[Task requirements]: In the entries that follow, the line with "is closed around" opens the range and the line with "which give the" closes it; repeat that range exactly, both lines included.

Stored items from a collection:
------------------------

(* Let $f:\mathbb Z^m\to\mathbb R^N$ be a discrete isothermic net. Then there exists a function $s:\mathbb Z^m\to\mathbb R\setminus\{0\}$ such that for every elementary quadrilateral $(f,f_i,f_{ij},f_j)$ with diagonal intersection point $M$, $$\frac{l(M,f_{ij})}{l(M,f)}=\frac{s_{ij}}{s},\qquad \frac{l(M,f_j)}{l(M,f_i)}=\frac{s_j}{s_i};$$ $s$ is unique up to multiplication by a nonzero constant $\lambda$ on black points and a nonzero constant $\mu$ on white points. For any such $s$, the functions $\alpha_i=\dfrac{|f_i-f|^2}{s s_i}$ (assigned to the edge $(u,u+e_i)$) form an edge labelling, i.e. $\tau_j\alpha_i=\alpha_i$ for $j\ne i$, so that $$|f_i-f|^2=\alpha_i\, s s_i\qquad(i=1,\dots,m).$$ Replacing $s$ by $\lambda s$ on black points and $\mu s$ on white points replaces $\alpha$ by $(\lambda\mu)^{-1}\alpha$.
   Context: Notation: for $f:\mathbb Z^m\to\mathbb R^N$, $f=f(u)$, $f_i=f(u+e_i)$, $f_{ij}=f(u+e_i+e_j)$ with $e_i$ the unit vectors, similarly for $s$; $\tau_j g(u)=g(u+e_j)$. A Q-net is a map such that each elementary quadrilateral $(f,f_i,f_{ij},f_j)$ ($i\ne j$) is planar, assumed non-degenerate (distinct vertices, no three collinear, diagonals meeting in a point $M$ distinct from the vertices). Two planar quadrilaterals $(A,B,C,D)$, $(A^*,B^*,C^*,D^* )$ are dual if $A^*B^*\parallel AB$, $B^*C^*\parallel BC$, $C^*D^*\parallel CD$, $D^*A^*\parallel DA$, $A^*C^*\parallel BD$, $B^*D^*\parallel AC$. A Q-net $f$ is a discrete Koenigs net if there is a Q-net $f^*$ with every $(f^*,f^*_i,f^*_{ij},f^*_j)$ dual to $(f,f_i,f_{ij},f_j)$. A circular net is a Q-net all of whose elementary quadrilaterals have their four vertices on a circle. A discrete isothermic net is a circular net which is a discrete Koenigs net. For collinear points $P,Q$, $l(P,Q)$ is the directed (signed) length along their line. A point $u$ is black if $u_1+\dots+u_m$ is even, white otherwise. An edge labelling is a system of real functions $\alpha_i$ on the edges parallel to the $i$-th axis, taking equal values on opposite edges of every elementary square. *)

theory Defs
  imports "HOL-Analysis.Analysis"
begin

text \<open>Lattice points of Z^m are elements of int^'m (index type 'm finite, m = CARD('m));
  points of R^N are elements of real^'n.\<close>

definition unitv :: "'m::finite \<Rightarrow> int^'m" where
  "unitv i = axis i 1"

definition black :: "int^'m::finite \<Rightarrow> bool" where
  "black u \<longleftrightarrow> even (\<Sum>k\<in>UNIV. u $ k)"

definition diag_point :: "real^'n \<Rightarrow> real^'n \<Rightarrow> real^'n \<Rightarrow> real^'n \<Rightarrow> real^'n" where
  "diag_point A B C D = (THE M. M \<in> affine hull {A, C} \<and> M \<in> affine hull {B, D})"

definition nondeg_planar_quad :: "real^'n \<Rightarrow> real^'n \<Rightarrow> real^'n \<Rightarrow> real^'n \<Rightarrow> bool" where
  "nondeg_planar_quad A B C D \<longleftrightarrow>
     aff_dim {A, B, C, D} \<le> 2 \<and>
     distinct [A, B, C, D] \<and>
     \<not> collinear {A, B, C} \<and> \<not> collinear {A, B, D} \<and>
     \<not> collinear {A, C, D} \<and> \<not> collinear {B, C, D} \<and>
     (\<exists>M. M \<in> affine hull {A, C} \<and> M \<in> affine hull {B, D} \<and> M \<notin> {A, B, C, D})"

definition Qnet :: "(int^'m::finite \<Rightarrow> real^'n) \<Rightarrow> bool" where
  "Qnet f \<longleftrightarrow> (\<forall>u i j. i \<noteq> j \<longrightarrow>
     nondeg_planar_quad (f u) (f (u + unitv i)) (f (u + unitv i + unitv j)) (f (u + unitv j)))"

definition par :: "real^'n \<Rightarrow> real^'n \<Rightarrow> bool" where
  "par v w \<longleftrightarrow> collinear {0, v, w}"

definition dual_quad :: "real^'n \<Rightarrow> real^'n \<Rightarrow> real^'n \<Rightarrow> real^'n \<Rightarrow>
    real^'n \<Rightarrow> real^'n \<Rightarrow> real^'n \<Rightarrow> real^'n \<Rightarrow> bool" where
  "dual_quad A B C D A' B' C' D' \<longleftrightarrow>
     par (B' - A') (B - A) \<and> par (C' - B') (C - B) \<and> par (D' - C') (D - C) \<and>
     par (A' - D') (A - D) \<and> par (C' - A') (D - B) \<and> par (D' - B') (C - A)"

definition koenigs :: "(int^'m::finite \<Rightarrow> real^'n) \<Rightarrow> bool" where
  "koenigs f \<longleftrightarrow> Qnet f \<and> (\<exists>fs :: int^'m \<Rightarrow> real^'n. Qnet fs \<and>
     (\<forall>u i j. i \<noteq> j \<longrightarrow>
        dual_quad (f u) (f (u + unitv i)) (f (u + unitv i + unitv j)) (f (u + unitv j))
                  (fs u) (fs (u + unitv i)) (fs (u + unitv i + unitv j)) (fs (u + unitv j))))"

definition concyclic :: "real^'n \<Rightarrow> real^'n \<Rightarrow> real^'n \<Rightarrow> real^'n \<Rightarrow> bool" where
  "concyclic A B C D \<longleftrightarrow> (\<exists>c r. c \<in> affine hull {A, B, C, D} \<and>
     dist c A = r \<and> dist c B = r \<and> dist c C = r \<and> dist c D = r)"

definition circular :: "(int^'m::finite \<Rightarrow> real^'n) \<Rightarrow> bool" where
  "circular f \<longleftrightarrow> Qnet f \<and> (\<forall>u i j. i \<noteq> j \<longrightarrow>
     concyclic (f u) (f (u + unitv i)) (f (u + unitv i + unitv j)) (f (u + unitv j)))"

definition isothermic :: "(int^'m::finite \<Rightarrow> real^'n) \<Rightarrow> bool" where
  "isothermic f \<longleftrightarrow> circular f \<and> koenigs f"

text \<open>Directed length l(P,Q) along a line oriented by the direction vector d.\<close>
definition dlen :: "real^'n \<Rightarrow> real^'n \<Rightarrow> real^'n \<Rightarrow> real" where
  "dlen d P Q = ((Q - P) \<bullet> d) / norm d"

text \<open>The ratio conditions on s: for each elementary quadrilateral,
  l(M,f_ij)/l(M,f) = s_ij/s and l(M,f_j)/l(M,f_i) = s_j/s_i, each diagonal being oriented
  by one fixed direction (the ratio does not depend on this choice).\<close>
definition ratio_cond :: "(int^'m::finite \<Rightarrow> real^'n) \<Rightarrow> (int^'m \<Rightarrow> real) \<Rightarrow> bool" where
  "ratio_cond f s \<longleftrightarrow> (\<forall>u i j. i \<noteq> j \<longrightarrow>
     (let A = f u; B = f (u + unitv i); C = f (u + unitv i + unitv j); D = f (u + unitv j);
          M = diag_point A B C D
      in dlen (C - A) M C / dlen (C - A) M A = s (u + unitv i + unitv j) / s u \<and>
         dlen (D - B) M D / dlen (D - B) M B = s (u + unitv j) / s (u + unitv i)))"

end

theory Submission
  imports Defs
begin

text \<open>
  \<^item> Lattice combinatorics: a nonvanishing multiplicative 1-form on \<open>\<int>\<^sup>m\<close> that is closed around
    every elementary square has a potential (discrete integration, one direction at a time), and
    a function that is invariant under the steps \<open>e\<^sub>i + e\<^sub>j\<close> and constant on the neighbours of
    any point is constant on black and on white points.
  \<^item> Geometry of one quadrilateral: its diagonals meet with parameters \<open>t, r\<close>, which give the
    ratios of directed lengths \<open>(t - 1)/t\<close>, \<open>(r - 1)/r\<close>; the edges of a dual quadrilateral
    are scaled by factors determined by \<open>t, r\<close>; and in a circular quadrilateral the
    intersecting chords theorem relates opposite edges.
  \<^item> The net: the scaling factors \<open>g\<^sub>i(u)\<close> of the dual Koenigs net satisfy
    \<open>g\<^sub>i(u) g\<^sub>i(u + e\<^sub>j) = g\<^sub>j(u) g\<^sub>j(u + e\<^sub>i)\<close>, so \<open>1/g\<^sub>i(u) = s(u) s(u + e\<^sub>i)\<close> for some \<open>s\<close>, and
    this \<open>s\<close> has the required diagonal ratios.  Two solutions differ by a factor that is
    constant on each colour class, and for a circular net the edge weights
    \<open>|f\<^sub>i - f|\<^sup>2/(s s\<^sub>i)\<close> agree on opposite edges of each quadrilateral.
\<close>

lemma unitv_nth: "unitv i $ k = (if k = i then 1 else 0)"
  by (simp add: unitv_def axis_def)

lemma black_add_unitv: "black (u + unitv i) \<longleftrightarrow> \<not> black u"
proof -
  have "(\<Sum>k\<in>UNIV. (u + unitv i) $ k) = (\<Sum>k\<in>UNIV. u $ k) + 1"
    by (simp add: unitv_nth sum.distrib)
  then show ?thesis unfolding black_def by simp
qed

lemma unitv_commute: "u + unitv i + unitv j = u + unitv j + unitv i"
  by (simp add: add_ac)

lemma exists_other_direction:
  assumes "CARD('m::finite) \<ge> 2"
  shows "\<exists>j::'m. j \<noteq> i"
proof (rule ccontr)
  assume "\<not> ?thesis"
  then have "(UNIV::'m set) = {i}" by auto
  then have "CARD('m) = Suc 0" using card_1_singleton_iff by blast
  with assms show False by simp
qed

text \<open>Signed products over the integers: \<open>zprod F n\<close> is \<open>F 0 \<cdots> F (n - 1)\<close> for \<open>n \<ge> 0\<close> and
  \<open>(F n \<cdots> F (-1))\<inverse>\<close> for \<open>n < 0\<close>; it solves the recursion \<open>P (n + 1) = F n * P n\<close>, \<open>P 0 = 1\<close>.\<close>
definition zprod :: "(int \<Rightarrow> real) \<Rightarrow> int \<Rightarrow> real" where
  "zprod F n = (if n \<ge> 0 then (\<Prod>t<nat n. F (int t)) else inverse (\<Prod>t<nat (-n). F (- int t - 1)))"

------------------------

[Problem solution]:
  \<^item> Lattice combinatorics: a nonvanishing multiplicative 1-form on \<open>\<int>\<^sup>m\<close> that is closed around
    every elementary square has a potential (discrete integration, one direction at a time), and
    a function that is invariant under the steps \<open>e\<^sub>i + e\<^sub>j\<close> and constant on the neighbours of
    any point is constant on black and on white points.
  \<^item> Geometry of one quadrilateral: its diagonals meet with parameters \<open>t, r\<close>, which give the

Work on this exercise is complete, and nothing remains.